== TASK OBJECTIVE ==
Filter the records below for the word "assms". Keep each line that has it.

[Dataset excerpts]
• • •

lemma measurable_shift_seqM [measurable]: "shift \<in> measurable seqM seqM"
  unfolding shift_def by (rule measurable_into_seqM) simp

lemma measurable_shift_past: "(\<lambda>x k. x (k + c)) \<in> measurable pastM pastM"
  by (rule measurable_into_pastM) simp

lemma pred_pastM_coord_eq: "Measurable.pred pastM (\<lambda>x::nat \<Rightarrow> 'a::countable. x i = x j)"
proof -
  have "{x::nat \<Rightarrow> 'a \<in> space pastM. x i = x j}
      = (\<Union>v. {x \<in> space pastM. x i = v} \<inter> {x \<in> space pastM. x j = v})"
    by auto
  also have "\<dots> \<in> sets pastM"
    by (intro sets.countable_UN' sets.Int) (auto intro: pred_count_space_const1[unfolded pred_def])
  finally show ?thesis unfolding pred_def .
qed

lemma funpow_shift: "(shift ^^ i) x = (\<lambda>t. x (t + int i))"
  by (induction i) (auto simp: shift_def algebra_simps)

section \<open>Hoeffding's lemma for a two-point distribution\<close>

lemma hoeffding_two_point:
  fixes q t :: real
  assumes "0 \<le> q" "q \<le> 1"
  shows "q * exp (t * (1 - q)) + (1 - q) * exp (- t * q) \<le> exp (t\<^sup>2 / 8)"
proof -
  have nonneg_case: "q * exp (h * (1 - q)) + (1 - q) * exp (- h * q) \<le> exp (h\<^sup>2 / 8)"
    if "0 \<le> q" "q \<le> 1" "0 \<le> h" for q h :: real
  proof -
    have pos: "1 + q * (exp h - 1) > 0"
      using that by (simp add: add_pos_nonneg)
    have "q * exp (h * (1 - q)) + (1 - q) * exp (- h * q) = exp (- h * q) * (1 + q * (exp h - 1))"
      by (simp add: algebra_simps exp_add[symmetric])
    also have "\<dots> = exp (- h * q + ln (1 + q * (exp h - 1)))"
      using pos by (simp only: exp_add exp_ln)
    also have "\<dots> \<le> exp (h\<^sup>2 / 8)"
      using Hoeffdings_lemma_aux[of h q] that by simp
    finally show ?thesis .
  qed
  show ?thesis
  proof (cases "t \<ge> 0")
    case True
    then show ?thesis using nonneg_case[of q t] assms by simp
  next
    case False
    have "(1 - q) * exp ((- t) * (1 - (1 - q))) + (1 - (1 - q)) * exp (- (- t) * (1 - q))
        \<le> exp ((- t)\<^sup>2 / 8)"
      using False assms by (intro nonneg_case) auto
    then show ?thesis by (simp add: algebra_simps)
  qed
qed

lemma cfun_measurable:
  assumes [measurable]: "(\<lambda>x. real (f x)) \<in> borel_measurable N"
  shows "(\<lambda>x. cfun (f x) \<epsilon>) \<in> borel_measurable N"
  unfolding cfun_def by measurable

lemma
  assumes k: "1 \<le> k" and \<epsilon>: "0 < \<epsilon>" "\<epsilon> < 1"
  shows cfun_pos: "0 < cfun k \<epsilon>"
    and exp_cfun_le: "exp (- (2 * (cfun k \<epsilon>)\<^sup>2 * real k)) \<le> \<epsilon> ^ 8 / 65536"
proof -
  define V where "V = ln (1 / \<epsilon>) + 2 * ln (2 + 2 * ln (real k))"
  have "0 \<le> ln (real k)"
    using k by simp
  then have "ln 2 \<le> ln (2 + 2 * ln (real k))"
    by simp
  then have V: "ln (1 / \<epsilon>) + 2 * ln 2 \<le> V"
    unfolding V_def by simp
  moreover have "0 < ln (1 / \<epsilon>)"
    using \<epsilon> by simp
  ultimately have V_pos: "0 < V"
    using ln_gt_zero[of "2::real"] by linarith
  have c: "cfun k \<epsilon> = 2 * sqrt (1 / real k) * sqrt V"
    by (simp add: cfun_def V_def)
  show "0 < cfun k \<epsilon>"
    unfolding c using V_pos k by simp
  have "2 * (cfun k \<epsilon>)\<^sup>2 * real k = 8 * V"
    unfolding c using V_pos k by (simp add: power_mult_distrib)
  then have "exp (- (2 * (cfun k \<epsilon>)\<^sup>2 * real k)) = exp (- 8 * V)"
    by simp
  also have "\<dots> \<le> exp (real 8 * ln \<epsilon> + real 16 * ln (1/2))"
    using V \<epsilon> by (simp add: ln_div)
  also have "\<dots> = \<epsilon> ^ 8 / 65536"
    by (simp only: exp_add exp_of_nat_mult exp_ln \<epsilon>) (simp add: power_divide)
  finally show "exp (- (2 * (cfun k \<epsilon>)\<^sup>2 * real k)) \<le> \<epsilon> ^ 8 / 65536" .
qed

• • •

== OUTPUT ==
    then show ?thesis using nonneg_case[of q t] assms by simp
      using False assms by (intro nonneg_case) auto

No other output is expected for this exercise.